Eurovision Song Contest

Isabella Levina Lueen fährt für Deutschland nach Kiew

Deutschland schickt Isabella Levina Lueen zum Eurovision Song Contest 2017 in Kiew. Beim Vorentscheid schüttelt die 25-Jährige mit ihrem Lied „Perfect Life“ die Konkurrenz ab.

Die Sängerin Isabella Levina Lueen geht am 13. Mai beim ESC in der Ukraine für Deutschland an den Start. dpa

Unser Song für 2017

Die Sängerin Isabella Levina Lueen geht am 13. Mai beim ESC in der Ukraine für Deutschland an den Start.

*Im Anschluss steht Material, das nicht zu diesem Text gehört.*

lemma CI_bd:
  assumes lwf: "lwf_cg V D U" and "faithful V D U CI"
    and "u \<in> V" "v \<in> V" "u \<noteq> v" and "(u,v) \<notin> skeleton D U"
    and "\<not> strict_desc D U u v"
  shows "CI {u} {v} (bd D U {u})"
proof -
  have "bd D U {u} \<subseteq> V - {u,v}"
    using bd_subset_if_nonadjacent[OF lwf] assms(6) .
  moreover have "c_separates D U {u} {v} (bd D U {u})"
    using c_separates_bd[OF lwf] assms(5,7) calculation by blast
  ultimately show ?thesis
    using faithful_pairD[OF assms(2-5)] by blast
qed

lemma CI_imp_nonadjacent:
  assumes "faithful V D U CI" and "u \<in> V" "v \<in> V" "u \<noteq> v" and "S \<subseteq> V - {u,v}"
    and "CI {u} {v} S"
  shows "(u,v) \<notin> skeleton D U"
proof -
  have "c_separates D U {u} {v} S"
    using faithful_pairD[OF assms(1-5)] assms(6) by simp
  moreover have "u \<notin> S" "v \<notin> S"
    using assms(5) by auto
  ultimately show ?thesis
    using skeleton_not_c_separates[of u v D U S] assms(4) by blast
qed

lemma card_bd_less:
  assumes "lwf_cg V D U" and "finite V" and "u \<in> V" "v \<in> V" "u \<noteq> v"
    and "(u,v) \<notin> skeleton D U"
  shows "card (bd D U {u}) < card V - 1"
proof -
  have "card (bd D U {u}) \<le> card (V - {u,v})"
    using bd_subset_if_nonadjacent[OF assms(1,6)] assms(2) by (intro card_mono) auto
  also have "\<dots> = card V - 2"
    using assms(2-5) by (simp add: card_Diff_subset)
  finally have "card (bd D U {u}) \<le> card V - 2" .
  moreover have "card V \<ge> 2"
    using card_mono[OF assms(2), of "{u,v}"] assms(3-5) by simp
  ultimately show ?thesis by linarith
qed

definition bd_separable :: "('a \<times> 'a) set \<Rightarrow> ('a \<times> 'a) set \<Rightarrow> nat \<Rightarrow> 'a \<Rightarrow> 'a \<Rightarrow> bool" where
  "bd_separable D U k u v \<longleftrightarrow>
     (u,v) \<notin> skeleton D U \<and> \<not> strict_desc D U u v \<and> card (bd D U {u}) = k"

definition skeleton_inv :: "'a set \<Rightarrow> ('a \<times> 'a) set \<Rightarrow> ('a \<times> 'a) set \<Rightarrow> nat \<Rightarrow> ('a \<times> 'a) set \<Rightarrow> bool" where
  "skeleton_inv V D U k H \<longleftrightarrow> skeleton D U \<subseteq> H \<and> H \<subseteq> complete_graph V \<and> sym H \<and>
     (\<forall>j<k. \<forall>u v. bd_separable D U j u v \<longrightarrow> (u,v) \<notin> H)"

definition level_inv :: "'a set \<Rightarrow> ('a \<times> 'a) set \<Rightarrow> ('a \<times> 'a) set \<Rightarrow> nat \<Rightarrow>
    ('a \<times> 'a) set \<Rightarrow> ('a \<times> 'a) set \<Rightarrow> bool" where
  "level_inv V D U k H T \<longleftrightarrow> skeleton_inv V D U k H \<and>
     (\<forall>(u,v)\<in>T. bd_separable D U k u v \<longrightarrow> (u,v) \<notin> H)"

lemma adj_subset_complete_graph: "H \<subseteq> complete_graph V \<Longrightarrow> adj H u - {v} \<subseteq> V - {u,v}"
  unfolding adj_def complete_graph_def by blast

lemma bd_subset_adj:
  assumes lwf: "lwf_cg V D U" and "skeleton D U \<subseteq> H" and "(u,v) \<notin> skeleton D U"
  shows "bd D U {u} \<subseteq> adj H u - {v}"
proof
  fix b assume b: "b \<in> bd D U {u}"
  then have "(u,b) \<in> skeleton D U"
    using symD[OF lwf_cgD(3)[OF lwf]] unfolding skeleton_def by auto
  then have "b \<in> adj H u"
    using assms(2) unfolding adj_def by blast
  moreover have "b \<noteq> v"
    using b bd_subset_if_nonadjacent[OF lwf assms(3)] by blast
  ultimately show "b \<in> adj H u - {v}" by blast
qed

lemma level_step_level_inv:
  assumes lwf: "lwf_cg V D U" and fa: "faithful V D U CI"
    and step: "level_step CI k (H,T) (H',T')" and inv: "level_inv V D U k H T"
  shows "level_inv V D U k H' T'"
proof -
  have sk: "skeleton D U \<subseteq> H" and HV: "H \<subseteq> complete_graph V" and "sym H"
    and old: "\<forall>j<k. \<forall>u v. bd_separable D U j u v \<longrightarrow> (u,v) \<notin> H"
    and sel: "\<forall>(u,v)\<in>T. bd_separable D U k u v \<longrightarrow> (u,v) \<notin> H"
    using inv unfolding level_inv_def skeleton_inv_def by auto
  from step show ?thesis
  proof cases
    case (remove u v S)
    have uv: "u \<in> V" "v \<in> V" "u \<noteq> v"
      using HV \<open>(u,v) \<in> H\<close> unfolding complete_graph_def by auto
    have "S \<subseteq> V - {u,v}"
      using \<open>S \<subseteq> adj H u - {v}\<close> adj_subset_complete_graph[OF HV] by blast
    then have "(u,v) \<notin> skeleton D U"
      using CI_imp_nonadjacent[OF fa uv] \<open>CI {u} {v} S\<close> by blast
    moreover have "(v,u) \<notin> skeleton D U"
      using calculation symD[OF skeleton_sym[OF lwf]] by blast
    ultimately have "skeleton D U \<subseteq> H'"
      using sk remove(1) by blast
    moreover have "H' \<subseteq> complete_graph V" "sym H'"
      using HV \<open>sym H\<close> remove(1) unfolding sym_def by auto
    ultimately show ?thesis
      using old sel remove(1,2) unfolding level_inv_def skeleton_inv_def by auto
  next
    case (keep u v)
    have uv: "u \<in> V" "v \<in> V" "u \<noteq> v"
      using HV \<open>(u,v) \<in> H\<close> unfolding complete_graph_def by auto
    have "\<not> bd_separable D U k u v"
    proof
      assume sep: "bd_separable D U k u v"
      then have "CI {u} {v} (bd D U {u})"
        using CI_bd[OF lwf fa uv] unfolding bd_separable_def by blast
      moreover have "bd D U {u} \<subseteq> adj H u - {v}"
        using bd_subset_adj[OF lwf sk] sep unfolding bd_separable_def by blast
      ultimately show False
        using keep(6) sep unfolding bd_separable_def by blast
    qed
    then show ?thesis
      using inv keep(1,2) unfolding level_inv_def by auto
  qed
qed

lemma level_run_skeleton_inv:
  assumes lwf: "lwf_cg V D U" and fa: "faithful V D U CI" and fin: "finite V"
    and inv: "skeleton_inv V D U k H" and run: "level_run CI k H H'"
  shows "skeleton_inv V D U (Suc k) H'"
proof -
  obtain T where steps: "(level_step CI k)\<^sup>*\<^sup>* (H, {}) (H', T)" and finished: "level_done k H' T"
    using run unfolding level_run_def by blast
  have "level_inv V D U k H' T"
    using steps
  proof (induction rule: rtranclp_induct2)
    case refl
    then show ?case using inv unfolding level_inv_def by simp
  next
    case (step H1 T1 H2 T2)
    then show ?case using level_step_level_inv[OF lwf fa] by blast
  qed
  then have inv': "skeleton_inv V D U k H'"
    and sel: "\<forall>(u,v)\<in>T. bd_separable D U k u v \<longrightarrow> (u,v) \<notin> H'"
    unfolding level_inv_def by auto
  have "(u,v) \<notin> H'" if sep: "bd_separable D U k u v" for u v
  proof
    assume uv: "(u,v) \<in> H'"
    have sk: "skeleton D U \<subseteq> H'" and HV: "H' \<subseteq> complete_graph V"
      using inv' unfolding skeleton_inv_def by auto
    have "finite (adj H' u - {v})"
      using finite_subset[OF adj_subset_complete_graph[OF HV] finite_Diff[OF fin]] .
    moreover have "bd D U {u} \<subseteq> adj H' u - {v}"
      using bd_subset_adj[OF lwf sk] sep unfolding bd_separable_def by blast
    ultimately have "card (adj H' u - {v}) \<ge> k"
      using card_mono sep unfolding bd_separable_def by metis
    with finished uv have "(u,v) \<in> T"
      unfolding level_done_def by blast
    with sel sep uv show False by blast
  qed
  with inv' show ?thesis
    unfolding skeleton_inv_def less_Suc_eq by blast
qed

lemma skel_run_skeleton_inv:
  assumes lwf: "lwf_cg V D U" and fa: "faithful V D U CI" and fin: "finite V"
  shows "skel_run V CI k H \<Longrightarrow> skeleton_inv V D U k H"
proof (induction rule: skel_run.induct)
  case init
  have "sym (complete_graph V)"
    unfolding sym_def complete_graph_def by blast
  then show ?case
    using skeleton_subset_complete_graph[OF lwf] unfolding skeleton_inv_def by blast
next
  case (level k H H')
  then show ?case using level_run_skeleton_inv[OF lwf fa fin] by blast
qed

KölnIsabella Levina Lueen hat den deutschen Vorentscheid zum Eurovision Song Contest 2017 in Kiew gewonnen. Im Finale der ARD-Show „Unser Song 2017“ setzte sich die 25-Jährige am Donnerstagabend in Köln mit ihrer Interpretation des Liedes „Perfect Life“ beim Zuschauervoting durch und soll damit nun auch am 13. Mai in der Ukraine an den Start gehen. Der Song war speziell für den ESC komponiert worden.

Am Ende votierten 69 Prozent der Zuschauer für „Perfect Life“. Die Jury aus ESC-Gewinnerin Lena, Volksmusik-Moderator Florian Silbereisen und Sänger Tim Bendzko hatte nur kommentierende Funktion - kürte Levina, die in Berlin und London lebt, allerdings schon früh zur Favoritin des Abends.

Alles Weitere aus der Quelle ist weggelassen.